Enerji Günlüğü - Prof. Dr. Filiz Karaosmanoğlu, dünyanın yüzde 91’inin temiz hava soluyamadığına ve hava kirliliğinin her 9 ölümden birine neden olduğunu hatırlatarak hava kirliliğini azaltacak önerilerde bulundu.
Birleşmiş Milletler tarafından bu yıl 5 Haziran Dünya Çevre Günü’nün teması ‘Hava Kirliliği’ olarak belirlendi. Hava kirliliğinin oluşmasında hepimizin suçlu olduğunu vurgulayan İstanbul Teknik Üniversitesi (İTÜ) Öğretim Üyesi ve Sürdürülebilir Üretim ve Tüketim Derneği (SÜT-D) Başkanı Prof. Dr. Filiz Karaosmanoğlu, ‘Hava Kirliliğini Yen’ sloganıyla herkesin atması gereken adımlara dikkat çekti.
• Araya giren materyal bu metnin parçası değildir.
(* Let $C^*\ge10^6$ be the fixed constant of the context and let $\mathbf{A}\in[-1,1]^{m\times n}$ with $n\ge C^*\cdot m$. With probability at least $0.99$ over its random bits $\mathbf{r}$, the procedure $\textsc{ColumnReductionSampling}$ described in the context does not return $\bot$ and returns $\mathbf{x}_T\in[-1,1]^n$ with $|\{i\in[n]:|\mathbf{x}_T(i)|=1\}|=0.9n$ and $\|\mathbf{A}\mathbf{x}_T\|_\infty=0$. Moreover, for different random seeds $\mathbf{r}\neq\mathbf{r}'$, the outputs $\mathbf{x}_T$ and $\mathbf{x}'_T$ of the procedure on $\mathbf{r}$ and $\mathbf{r}'$ differ on some entry $i$ at which both lie in $\{\pm1\}$.
   Context: Leverage scores: for a linear subspace $H\subseteq\mathbb{R}^S$ and $i\in S$, $\tau_i(H)=\max_{\mathbf{u}\in H\setminus\{0\}}\mathbf{u}(i)^2/\|\mathbf{u}\|_2^2$. If $\psi_1,\dots,\psi_d$ is an orthonormal basis of $H$, then $\tau_i(H)=\sum_j\psi_j(i)^2$ and $\textsc{FindVector}(H,i)$ returns $\mathbf{u}=(\sum_j\psi_j(i)\psi_j)/(\sum_j\psi_j(i)^2)$, the vector of $H$ with $\mathbf{u}(i)=1$ and $\|\mathbf{u}\|_2^2=1/\tau_i(H)$. For $\mathbf{v}\in\mathbb{R}^n$ and $S\subseteq[n]$, $\mathbf{v}(S)$ is its restriction to $S$; vectors in $\mathbb{R}^S$ are extended by zero to $\mathbb{R}^n$. Procedure $\textsc{ColumnReductionSampling}$ with parameters $\eta=0.1$, $T=0.9n$, $\gamma=0.0001$, $\delta=0.05$: set $\mathbf{x}_0=\vec 0$. For $t=0,\dots,T-1$: let $\mathcal{F}_t=\{i:|\mathbf{x}_t(i)|=1\}$, $\mathcal{D}_t=\{i:|\mathbf{x}_t(i)|\ge1-\eta\}$; let $H_t$ be the subspace of $\mathbb{R}^{[n]\setminus\mathcal{D}_t}$ orthogonal to $\mathbf{x}_t([n]\setminus\mathcal{D}_t)$ and to every $\mathbf{A}(j,[n]\setminus\mathcal{D}_t)$, $j\in[m]$; find the first coordinate $k_t\notin\mathcal{D}_t$ with $\tau_{k_t}(H_t)\ge1-\gamma$ and $|\mathbf{x}_t(k_t)|\le\delta$ (return $\bot$ if none exists); let $\mathbf{u}_t=\textsc{FindVector}(H_t,k_t)$; with $\delta_t=\mathbf{x}_t(k_t)$, set $\mathbf{r}(t+1)=1$ with probability $\frac{1+\delta_t}{2}$ and $\mathbf{r}(t+1)=-1$ otherwise; choose $\alpha_t\in\mathbb{R}$ so that $\mathbf{x}_{t+1}=\mathbf{x}_t+\alpha_t\mathbf{u}_t$ satisfies $\mathbf{x}_{t+1}(k_t)=\mathbf{r}(t+1)$. Return $\mathbf{x}_T$. The sequence $\mathbf{r}\in\{\pm1\}^T$ is the random seed. *)

theory Defs
  imports Complex_Main
begin

text \<open>Vectors in R^n are functions nat => real, indices 0..<n; a vector in R^S
  (S a subset of {0..<n}) is represented by its extension by zero.
  The matrix A in R^{m x n} is a function nat => nat => real (row, column).\<close>

definition crs_eta :: real where "crs_eta = 1/10"
definition crs_gamma :: real where "crs_gamma = 1/10000"
definition crs_delta :: real where "crs_delta = 1/20"

definition crs_T :: "nat \<Rightarrow> nat" where "crs_T n = nat \<lfloor>9 * real n / 10\<rfloor>"

definition sqnorm_on :: "nat set \<Rightarrow> (nat \<Rightarrow> real) \<Rightarrow> real" where
  "sqnorm_on S u = (\<Sum>j\<in>S. (u j)^2)"

definition leverage :: "nat set \<Rightarrow> (nat \<Rightarrow> real) set \<Rightarrow> nat \<Rightarrow> real" where
  "leverage S H i = Sup ({(u i)^2 / sqnorm_on S u | u. u \<in> H \<and> (\<exists>j\<in>S. u j \<noteq> 0)} \<union> {0})"

definition find_vector :: "nat set \<Rightarrow> (nat \<Rightarrow> real) set \<Rightarrow> nat \<Rightarrow> (nat \<Rightarrow> real)" where
  "find_vector S H i = (THE u. u \<in> H \<and> u i = 1 \<and> sqnorm_on S u = 1 / leverage S H i)"

definition crs_D :: "nat \<Rightarrow> (nat \<Rightarrow> real) \<Rightarrow> nat set" where
  "crs_D n x = {i. i < n \<and> \<bar>x i\<bar> \<ge> 1 - crs_eta}"

definition crs_S :: "nat \<Rightarrow> (nat \<Rightarrow> real) \<Rightarrow> nat set" where
  "crs_S n x = {0..<n} - crs_D n x"

definition crs_H :: "(nat \<Rightarrow> nat \<Rightarrow> real) \<Rightarrow> nat \<Rightarrow> nat \<Rightarrow> (nat \<Rightarrow> real) \<Rightarrow> (nat \<Rightarrow> real) set" where
  "crs_H A m n x = {u. (\<forall>j. j \<notin> crs_S n x \<longrightarrow> u j = 0)
      \<and> (\<Sum>j\<in>crs_S n x. u j * x j) = 0
      \<and> (\<forall>r<m. (\<Sum>j\<in>crs_S n x. A r j * u j) = 0)}"

definition crs_cand :: "(nat \<Rightarrow> nat \<Rightarrow> real) \<Rightarrow> nat \<Rightarrow> nat \<Rightarrow> (nat \<Rightarrow> real) \<Rightarrow> nat set" where
  "crs_cand A m n x = {k. k \<in> crs_S n x
      \<and> leverage (crs_S n x) (crs_H A m n x) k \<ge> 1 - crs_gamma
      \<and> \<bar>x k\<bar> \<le> crs_delta}"

text \<open>One iteration with random bit b = r(t+1); None stands for returning bottom.\<close>
definition crs_step :: "(nat \<Rightarrow> nat \<Rightarrow> real) \<Rightarrow> nat \<Rightarrow> nat \<Rightarrow> (nat \<Rightarrow> real) \<Rightarrow> real \<Rightarrow> (nat \<Rightarrow> real) option" where
  "crs_step A m n x b =
     (if crs_cand A m n x = {} then None
      else let k = Min (crs_cand A m n x);
               u = find_vector (crs_S n x) (crs_H A m n x) k;
               \<alpha> = (b - x k) / u k
           in Some (\<lambda>i. x i + \<alpha> * u i))"

definition crs_run :: "(nat \<Rightarrow> nat \<Rightarrow> real) \<Rightarrow> nat \<Rightarrow> nat \<Rightarrow> real list \<Rightarrow> (nat \<Rightarrow> real) option" where
  "crs_run A m n rs = foldl (\<lambda>xo b. case xo of None \<Rightarrow> None | Some x \<Rightarrow> crs_step A m n x b)
                            (Some (\<lambda>_. 0)) rs"

text \<open>ColumnReductionSampling on seed r in {+-1}^T (rs ! t = r(t+1)).\<close>
definition ColumnReductionSampling :: "(nat \<Rightarrow> nat \<Rightarrow> real) \<Rightarrow> nat \<Rightarrow> nat \<Rightarrow> real list \<Rightarrow> (nat \<Rightarrow> real) option" where
  "ColumnReductionSampling A m n rs = crs_run A m n rs"

definition crs_seeds :: "nat \<Rightarrow> real list set" where
  "crs_seeds n = {rs. length rs = crs_T n \<and> set rs \<subseteq> {-1, 1}}"

text \<open>Probability that bit b is drawn in the state xo: (1 + b * delta_t)/2, where
  delta_t = x_t(k_t); after the procedure has returned bottom the remaining bits
  are irrelevant and are taken to be uniform.\<close>
definition crs_bitprob :: "(nat \<Rightarrow> nat \<Rightarrow> real) \<Rightarrow> nat \<Rightarrow> nat \<Rightarrow> (nat \<Rightarrow> real) option \<Rightarrow> real \<Rightarrow> real" where
  "crs_bitprob A m n xo b = (case xo of None \<Rightarrow> 1/2
     | Some x \<Rightarrow> if crs_cand A m n x = {} then 1/2
                 else (1 + b * x (Min (crs_cand A m n x))) / 2)"

definition crs_seed_prob :: "(nat \<Rightarrow> nat \<Rightarrow> real) \<Rightarrow> nat \<Rightarrow> nat \<Rightarrow> real list \<Rightarrow> real" where
  "crs_seed_prob A m n rs = (\<Prod>t<length rs. crs_bitprob A m n (crs_run A m n (take t rs)) (rs ! t))"

definition crs_good :: "(nat \<Rightarrow> nat \<Rightarrow> real) \<Rightarrow> nat \<Rightarrow> nat \<Rightarrow> real list \<Rightarrow> bool" where
  "crs_good A m n rs = (\<exists>x. ColumnReductionSampling A m n rs = Some x
      \<and> (\<forall>i<n. \<bar>x i\<bar> \<le> 1)
      \<and> card {i. i < n \<and> \<bar>x i\<bar> = 1} = crs_T n
      \<and> (\<forall>r<m. (\<Sum>j<n. A r j * x j) = 0))"

definition crs_success_prob :: "(nat \<Rightarrow> nat \<Rightarrow> real) \<Rightarrow> nat \<Rightarrow> nat \<Rightarrow> real" where
  "crs_success_prob A m n = (\<Sum>rs\<in>crs_seeds n. if crs_good A m n rs then crs_seed_prob A m n rs else 0)"

end

theory Submission
  imports Defs "HOL-Library.Indicator_Function" "HOL-Library.Sublist" "HOL-Analysis.Convex"
begin
lemma sqdev_avg_traj:
  assumes "w ` {..<t} \<subseteq> {..<m} \<times> {..<m}"
  shows "sqdev m c (avg_traj \<alpha> x w t)
       = sqdev m c x - 2 * \<alpha> * (1 - \<alpha>) * (\<Sum>r<t. edge_gap (avg_traj \<alpha> x w r) (w r))"
  using assms by (induction t) (auto simp: sqdev_pair_avg lessThan_Suc algebra_simps)

lemma sqdev_avg_traj_le:
  assumes "0 \<le> \<alpha>" "\<alpha> \<le> 1" "w ` {..<t} \<subseteq> {..<m} \<times> {..<m}"
  shows "sqdev m c (avg_traj \<alpha> x w t) \<le> sqdev m c x"
proof -
  have "0 \<le> 2 * \<alpha> * (1 - \<alpha>) * (\<Sum>r<t. edge_gap (avg_traj \<alpha> x w r) (w r))"
    using assms by (intro mult_nonneg_nonneg sum_nonneg) auto
  then show ?thesis using sqdev_avg_traj[OF assms(3)] by simp
qed

lemma cmod_avg_traj_sub_le:
  assumes "0 \<le> \<alpha>" "\<alpha> \<le> 1" "0 \<le> S" and gaps: "\<And>r. r < s \<Longrightarrow> edge_gap (avg_traj \<alpha> x w r) (w r) \<le> S"
  shows "cmod (avg_traj \<alpha> x w s i - x i) \<le> real s * sqrt S"
  using gaps
proof (induction s)
  case 0
  then show ?case by simp
next
  case (Suc s)
  let ?y = "avg_traj \<alpha> x w"
  have "cmod (?y (Suc s) i - ?y s i) \<le> \<alpha> * sqrt (edge_gap (?y s) (w s))"
    using cmod_pair_avg_sub_le[OF assms(1), of "fst (w s)" "snd (w s)"] by simp
  also have "\<dots> \<le> 1 * sqrt S"
    using assms Suc.prems[of s] by (intro mult_mono) auto
  finally have "cmod (?y (Suc s) i - ?y s i) \<le> sqrt S" by simp
  moreover have "cmod (?y s i - x i) \<le> real s * sqrt S" using Suc by auto
  moreover have "cmod (?y (Suc s) i - x i) \<le> cmod (?y (Suc s) i - ?y s i) + cmod (?y s i - x i)"
    using norm_triangle_ineq[of "?y (Suc s) i - ?y s i" "?y s i - x i"] by simp
  ultimately show ?case by (simp add: algebra_simps)
qed

section \<open>Connected graphs and the Poincar\'e inequality\<close>

lemma connected_graph_finite: "connected_graph m E \<Longrightarrow> finite E"
  unfolding connected_graph_def by (rule finite_subset[of _ "{..<m} \<times> {..<m}"]) auto

lemma connected_graph_edges_lessThan: "connected_graph m E \<Longrightarrow> E \<subseteq> {..<m} \<times> {..<m}"
  unfolding connected_graph_def by auto

lemma connected_graph_nonempty:
  assumes "connected_graph m E" "2 \<le> m"
  shows "E \<noteq> {}"
proof
  assume "E = {}"
  with assms(1) have "\<forall>u<m. \<forall>v<m. u = v"
    unfolding connected_graph_def by simp
  moreover have "0 < m" "1 < m" using assms(2) by auto
  ultimately have "(0::nat) = 1" by blast
  then show False by simp
qed

definition poincare_const :: "nat \<Rightarrow> (nat \<times> nat) set \<Rightarrow> real" where
  "poincare_const m E = real m * (real (card (E \<union> E\<inverse>)))\<^sup>2"

lemma poincare_const_pos:
  assumes "connected_graph m E" "2 \<le> m"
  shows "0 < poincare_const m E"
proof -
  have "E \<union> E\<inverse> \<noteq> {}" using connected_graph_nonempty[OF assms] by simp
  moreover have "finite (E \<union> E\<inverse>)" using connected_graph_finite[OF assms(1)] by simp
  ultimately show ?thesis using assms(2) unfolding poincare_const_def by (simp add: card_gt_0_iff)
qed

lemma cmod_sub_le_relpow:
  assumes "\<forall>e\<in>E. cmod (x (fst e) - x (snd e)) \<le> D" and "(u, v) \<in> (E \<union> E\<inverse>) ^^ k"
  shows "cmod (x u - x v) \<le> real k * D"
  using assms(2)
proof (induction k arbitrary: v)
  case 0
  then show ?case by simp
next
  case (Suc k)
  then obtain y where uy: "(u, y) \<in> (E \<union> E\<inverse>) ^^ k" and yv: "(y, v) \<in> E \<union> E\<inverse>"
    by (auto elim: relpow_Suc_E)
  have "cmod (x y - x v) \<le> D"
    using yv assms(1) by (auto simp: norm_minus_commute)
  moreover have "cmod (x u - x y) \<le> real k * D" using Suc.IH[OF uy] .
  moreover have "cmod (x u - x v) \<le> cmod (x u - x y) + cmod (x y - x v)"
    using norm_triangle_ineq[of "x u - x y" "x y - x v"] by simp
  ultimately show ?case by (simp add: algebra_simps)
qed

text \<open>Any two vertices are joined by a walk of at most card (E \<union> E\<inverse>) edges.\<close>
lemma sqdev_mean_le_of_edge_bound:
  assumes conn: "connected_graph m E" and m: "0 < m"
    and bound: "\<forall>e\<in>E. cmod (x (fst e) - x (snd e)) \<le> D" and D: "0 \<le> D"
  shows "sqdev m (mean m x) x \<le> poincare_const m E * D\<^sup>2"
proof -
  let ?R = "E \<union> E\<inverse>"
  let ?N = "card ?R"
  have finR: "finite ?R" using connected_graph_finite[OF conn] by simp
  have pair: "cmod (x u - x v) \<le> real ?N * D" if "u < m" "v < m" for u v
  proof -
    have "(u, v) \<in> ?R\<^sup>*" using conn that unfolding connected_graph_def by blast
    then obtain k where k: "k \<le> ?N" "(u, v) \<in> ?R ^^ k"
      using rtrancl_finite_eq_relpow[OF finR] by blast
    have "cmod (x u - x v) \<le> real k * D" using cmod_sub_le_relpow[OF bound k(2)] .
    also have "\<dots> \<le> real ?N * D" using k(1) D by (simp add: mult_right_mono)
    finally show ?thesis .
  qed
  have dev: "cmod (x u - mean m x) \<le> real ?N * D" if "u < m" for u
  proof -
    have "x u - mean m x = (\<Sum>v<m. x u - x v) / of_nat m"
      using m by (simp add: mean_def sum_subtractf field_simps)
    then have "cmod (x u - mean m x) = cmod (\<Sum>v<m. x u - x v) / real m"
      by (simp add: norm_divide)
    also have "\<dots> \<le> (\<Sum>v<m. cmod (x u - x v)) / real m"
      using m by (intro divide_right_mono norm_sum) auto
    also have "\<dots> \<le> (\<Sum>v<m. real ?N * D) / real m"
      using m pair[OF that] by (intro divide_right_mono sum_mono) auto
    also have "\<dots> = real ?N * D" using m by simp
    finally show ?thesis .
  qed
  have "sqdev m (mean m x) x \<le> (\<Sum>u<m. (real ?N * D)\<^sup>2)"
    unfolding sqdev_def by (intro sum_mono power_mono) (auto simp: dev)
  then show ?thesis by (simp add: poincare_const_def power_mult_distrib)
qed

lemma sqdev_mean_le_edge_gaps:
  assumes conn: "connected_graph m E" and m: "0 < m"
  shows "sqdev m (mean m x) x \<le> poincare_const m E * (\<Sum>e\<in>E. edge_gap x e)"
proof -
  let ?S = "\<Sum>e\<in>E. edge_gap x e"
  have S: "0 \<le> ?S" by (intro sum_nonneg) auto
  have "\<forall>e\<in>E. cmod (x (fst e) - x (snd e)) \<le> sqrt ?S"
  proof
    fix e assume "e \<in> E"
    then have "edge_gap x e \<le> ?S"
      using connected_graph_finite[OF conn] by (intro member_le_sum) auto
    then show "cmod (x (fst e) - x (snd e)) \<le> sqrt ?S"
      unfolding edge_gap_def using real_le_rsqrt by blast
  qed
  from sqdev_mean_le_of_edge_bound[OF conn m this] S show ?thesis by simp
qed

section \<open>Convergence under the three edge-selection rules\<close>

lemma tendsto_of_sqdev_tendsto_zero:
  assumes "(\<lambda>t. sqdev m c (x t)) \<longlonglongrightarrow> 0" "l < m"
  shows "(\<lambda>t. x t l) \<longlonglongrightarrow> c"
proof -
  have lim: "(\<lambda>t. sqrt (sqdev m c (x t))) \<longlonglongrightarrow> 0"
    using tendsto_real_sqrt[OF assms(1)] by simp
  have "\<forall>t. norm (x t l - c) \<le> sqrt (sqdev m c (x t))"
  proof
    fix t
    have "(cmod (x t l - c))\<^sup>2 \<le> sqdev m c (x t)"
      unfolding sqdev_def using assms(2) by (intro member_le_sum) auto
    then show "norm (x t l - c) \<le> sqrt (sqdev m c (x t))" using real_le_rsqrt by simp
  qed
  from Lim_null_comparison[OF always_eventually[OF this] lim]
  show ?thesis by (rule LIM_zero_cancel)
qed

lemma contraction_tendsto_zero:
  fixes u :: "nat \<Rightarrow> real"
  assumes "0 < \<kappa>" and nonneg: "\<And>t. 0 \<le> u t" and step: "\<And>t. u (Suc t) \<le> (1 - \<kappa>) * u t"
  shows "u \<longlonglongrightarrow> 0"
proof -
  define \<mu> where "\<mu> = max (1 - \<kappa>) 0"
  have \<mu>: "0 \<le> \<mu>" "\<mu> < 1" using assms(1) unfolding \<mu>_def by auto
  have bound: "u t \<le> \<mu> ^ t * u 0" for t
  proof (induction t)
    case (Suc t)
    have "u (Suc t) \<le> \<mu> * u t"
      using step[of t] nonneg[of t] unfolding \<mu>_def by (metis max.cobounded1 mult_right_mono order_trans)
    also have "\<dots> \<le> \<mu> * (\<mu> ^ t * u 0)" using Suc \<mu> by (intro mult_left_mono)
    finally show ?case by simp
  qed simp
  have lim: "(\<lambda>t. \<mu> ^ t * u 0) \<longlonglongrightarrow> 0"
    using \<mu> by (intro tendsto_mult_left_zero LIMSEQ_power_zero) auto
  have "\<forall>t. norm (u t) \<le> \<mu> ^ t * u 0"
    using bound nonneg by simp
  from Lim_null_comparison[OF always_eventually[OF this] lim] show ?thesis .
qed

text \<open>Let S be the total squared gap removed during the round. Every edge is used in the round and
  no coordinate drifts by more than L \<surd>S meanwhile, so every initial edge gap is at most
  (2 L + 1) \<surd>S.\<close>
lemma sqdev_round_contract:
  assumes conn: "connected_graph m E" and m: "2 \<le> m" and \<alpha>: "0 \<le> \<alpha>" "\<alpha> \<le> 1"
    and edges: "w ` {..<L} \<subseteq> E" and cover: "E \<subseteq> w ` {..<L}"
  shows "sqdev m (mean m x) (avg_traj \<alpha> x w L)
       \<le> (1 - 2 * \<alpha> * (1 - \<alpha>) / (poincare_const m E * (2 * real L + 1)\<^sup>2)) * sqdev m (mean m x) x"
proof -
  let ?y = "avg_traj \<alpha> x w" and ?c = "mean m x" and ?b = "2 * \<alpha> * (1 - \<alpha>)"
  let ?K = "poincare_const m E * (2 * real L + 1)\<^sup>2"
  define S where "S = (\<Sum>r<L. edge_gap (?y r) (w r))"
  have S: "0 \<le> S" unfolding S_def by (intro sum_nonneg) auto
  have gap_le: "edge_gap (?y r) (w r) \<le> S" if "r < L" for r
    unfolding S_def using that by (intro member_le_sum) auto
  have drift: "cmod (?y s i - x i) \<le> real L * sqrt S" if "s < L" for s i
  proof -
    have "cmod (?y s i - x i) \<le> real s * sqrt S"
      using that gap_le by (intro cmod_avg_traj_sub_le[OF \<alpha> S]) auto
    also have "\<dots> \<le> real L * sqrt S" using that S by (intro mult_right_mono) auto
    finally show ?thesis .
  qed
  have "\<forall>e\<in>E. cmod (x (fst e) - x (snd e)) \<le> (2 * real L + 1) * sqrt S"
  proof
    fix e assume "e \<in> E"
    then obtain s where s: "s < L" "w s = e" using cover by blast
    have "cmod (?y s (fst e) - ?y s (snd e)) \<le> sqrt S"
      using gap_le[OF s(1)] s(2) unfolding edge_gap_def by (simp add: real_le_rsqrt)
    moreover have "cmod (x (fst e) - x (snd e))
        \<le> cmod (?y s (fst e) - ?y s (snd e)) + cmod (?y s (fst e) - x (fst e)) + cmod (?y s (snd e) - x (snd e))"
      using norm_triangle_ineq4[of "?y s (fst e) - ?y s (snd e)" "?y s (fst e) - x (fst e)"]
        norm_triangle_ineq[of "?y s (fst e) - ?y s (snd e) - (?y s (fst e) - x (fst e))" "?y s (snd e) - x (snd e)"]
      by simp
    ultimately show "cmod (x (fst e) - x (snd e)) \<le> (2 * real L + 1) * sqrt S"
      using drift[OF s(1), of "fst e"] drift[OF s(1), of "snd e"] by (simp add: algebra_simps)
  qed
  from sqdev_mean_le_of_edge_bound[OF conn _ this] m S
  have "sqdev m ?c x \<le> ?K * S" by (simp add: power_mult_distrib mult_ac)
  moreover have "0 < ?K" using poincare_const_pos[OF conn m] by simp
  ultimately have "?b * (sqdev m ?c x / ?K) \<le> ?b * S"
    using \<alpha> by (intro mult_left_mono) (auto simp: divide_le_eq mult.commute)
  moreover have "w ` {..<L} \<subseteq> {..<m} \<times> {..<m}"
    using edges connected_graph_edges_lessThan[OF conn] by blast
  then have "sqdev m ?c (?y L) = sqdev m ?c x - ?b * S"
    unfolding S_def by (rule sqdev_avg_traj)
  moreover have "(1 - ?b / ?K) * sqdev m ?c x = sqdev m ?c x - ?b * (sqdev m ?c x / ?K)"
    by (simp add: left_diff_distrib)
  ultimately show ?thesis by linarith
qed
Prof. Dr. Filiz Karaosmanoğlu, SÜT-D olarak belirledikleri ‘Hava Kirliliğini Yen’ sloganı doğrultusunda şu tavsiyelerde bulundu;
Isınırken ve pişirirken kullandığımız yakıtları ve yakma sistemlerini seçerken özen göstermeliyiz. Bacalarımızı temiz tutmalıyız. Yaşadığımız ve çalıştığımız iç ortamlarda teknik olarak uygun olmayan koşullarda yakma ile ısınma - pişirme yapılıyorsa karbonmonoksit, azot dioksit, hidrokarbon ve partikül kirliliği oluşur.
Evimizdeki kombi ve klimaların düzenli bakımını yaptırmalıyız.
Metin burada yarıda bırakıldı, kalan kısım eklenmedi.